Discover more from The Thought Drop
The alerting tool ecosystem is so far behind it hurts – and I want to fix it.
"Why hasn't PagerDuty done this?"
The first few years of FireHydrant were a constant barrage of this question. Investors, friends, and prospective customers asked it in their own way, and I responded the same way each time: "Why haven't they done anything?"
My response, admittedly, is cheeky. But universally, it garnered the same reaction: "That's a fair point."
As the CEO of FireHydrant, an incident management tool, it's my job to have answers to these types of questions about other businesses in the same vicinity as ours. But that one has remained the most elusive to me. We've been building an incredible incident management tool for almost five years, and 95% of our customers have already integrated an alerting tool. Which meant the question turned towards us:
"Why aren't you building alerting?"
And then I started replying with the same thing: "That's a fair point." So today, we're opening up the waitlist for a modern replacement for PagerDuty or any other alerting tool you can think of.
It's called Signals.
The problem with alerting tools today
I see four main problems with the alerting ecosystem as it stands today, and I've spent time with customers and industry experts validating them all. Here's what I've learned:
Alerting as a standalone tool is "crazy fucking expensive," and no one can tell you why. People have reached their boiling point, and current macroeconomic conditions are drawing even more scrutiny to the price of alerting tools. CFOs are not happy campers right now.
Scheduling and substitutions are painful, and it hasn't materially changed for years. It took several years even to get simple round-robin logic on schedules. Moreover, you can't do apparent tasks, such as temporary coverage to walk the dog or pick up the kids inside Slack, either.
The service directory is a sham, and teams mean nothing. Every business I spoke to inevitably griped about their configuration: "We just use the service directory to represent teams because there's no other way to page them otherwise." – This is asinine, and means service ownership isn't genuinely possible without ugly hacks.
Alerts and incidents are the same, meaning people get screwed regarding noisy monitors.

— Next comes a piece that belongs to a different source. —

(* Let $H\Gamma=(C,\{\mathcal W,\mathcal X,\mathcal Y,\mathcal Z\},G_{zx},G_{wy})$ be a Lagrangian hypercube diagram and $L$ the embedded Legendrian torus obtained as the lift of the Lagrangian torus it determines, with $H_1(L)=\langle\tilde\gamma_{zx},\tilde\gamma_{wy}\rangle$. Then for $A=a[\tilde\gamma_{zx}]+b[\tilde\gamma_{wy}]\in H_1(L)$, $(a,b)\in\mathbb{Z}^2$, the Maslov index is $$\mu(A)=2a\,w(G_{zx})+2b\,w(G_{wy}),$$ where $w(G)=\frac14(\#\text{counterclockwise corners of }G-\#\text{clockwise corners of }G)$.
   Context: Grid conventions. In a plane with coordinates $(a,b)$ (below $(a,b)=(w,y)$ or $(a,b)=(z,x)$), an immersed grid diagram of size $n$ is an $n\times n$ grid of unit cells in $[0,n]^2$ with two kinds of markings at centers of cells, each row and each column containing exactly one marking of each kind; joining each marking of the first kind to the marking of the second kind in its row by an $a$-parallel segment, and each marking of the second kind to the marking of the first kind in its column by a $b$-parallel segment, gives an oriented connected closed piecewise-linear curve, with no crossing information recorded, viewed as an immersion $\gamma:\mathbb{R}/2\pi\mathbb{Z}\to\mathbb{R}^2$, $\theta\mapsto(a(\theta),b(\theta))$. It is a Lagrangian grid diagram if (1) $\int_0^{2\pi}b\,a'\,d\theta=0$ and (2) $\int_{\theta_0}^{\theta_1}b\,a'\,d\theta\neq0$ whenever $\theta_0\neq\theta_1$ and $\gamma(\theta_0)=\gamma(\theta_1)$. For a crossing $c=\gamma(\theta_0)=\gamma(\theta_1)$ put $|\Delta t(c)|=|\int_{\theta_0}^{\theta_1}b\,a'\,d\theta|$. The corners are the markings; a corner is counterclockwise (resp. clockwise) if the curve turns left (resp. right) there relative to the orientation of the $(a,b)$-plane. Hypercube diagrams. Let $C=[0,n]^4$ with coordinates $(w,x,y,z)$. A flat is a product in which two coordinates range over $[0,n]$ and the other two over unit intervals $[k,k+1]$, named by its two full coordinates; a cube is a product in which three coordinates range over $[0,n]$ and one over a unit interval. Markings are points with coordinates in $\mathbb{Z}+\frac12$ labelled $W,X,Y,Z$. Marking conditions: each cube contains exactly one marking of each label; each cube contains exactly two flats containing exactly three markings; in each such flat the three markings form a right angle with rays parallel to coordinate axes; its vertex is $W$ iff the flat is a $zw$-flat, $X$ iff a $wx$-flat, $Y$ iff an $xy$-flat, $Z$ iff a $yz$-flat. Join each $W$ to an $X$ by a $w$-parallel segment, each $X$ to a $Y$ by an $x$-parallel segment, each $Y$ to a $Z$ by a $y$-parallel segment and each $Z$ to a $W$ by a $z$-parallel segment; the projections of this oriented curve to the $(w,y)$- and $(z,x)$-planes are immersed grid diagrams $G_{wy}$ ($(a,b)=(w,y)$) and $G_{zx}$ ($(a,b)=(z,x)$). $H\Gamma$ is a Lagrangian hypercube diagram if the marking conditions hold, $G_{wy},G_{zx}$ are Lagrangian grid diagrams, and $|\Delta t(c)|\neq|\Delta t(c')|$ for all crossings $c$ of $G_{zx}$ and $c'$ of $G_{wy}$. Torus and lift. With $G_{zx}$ parametrized by $s\mapsto(z(s),x(s))$ and $G_{wy}$ by $u\mapsto(w(u),y(u))$ (corners slightly smoothed preserving (1),(2)), the torus is $i(s,u)=(w(u),x(s),y(u),z(s))$, Lagrangian for $\omega=dw\wedge dy+dz\wedge dx$, with loops $\gamma_{zx}=S^1\times\{1\}$, $\gamma_{wy}=\{1\}\times S^1$. In $\mathbb{R}^5$ with coordinates $(w,x,y,z,t)$ and contact form $dt-y\,dw-x\,dz$, the lift is $L=\{(i(p),t(p))\}$, $t(p)=t_0+\int_\gamma(y\,dw+x\,dz)$ along a path $\gamma$ from a base point to $p$; $\tilde\gamma_{zx},\tilde\gamma_{wy}$ are the lifts of the loops. The Maslov index $\mu:H_1(L)\to\mathbb{Z}$ assigns to a loop the Maslov index of the loop of (unoriented) Lagrangian tangent planes of $i$ along its projection, in the Lagrangian Grassmannian of $(\mathbb{R}^4,\omega)$. *)

theory Defs
  imports "HOL-Complex_Analysis.Complex_Analysis"
begin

This also prevents getting valuable insights such as alert noise ratio and accurate mean time to detect metrics.
This list is far from complete, and several issues with current providers are unnamed for brevity. I know I have many of my own as a recovering on-call engineer, too.
But the feedback was too consistent to ignore, and we decided to do something about it this year.
Alerting and incident response belong together.
First, alerting is a must-have for most businesses building software in 2023. But what isn't a must-have is paying for hundreds (or thousands) of seats that are never utilized for sometimes several months each year.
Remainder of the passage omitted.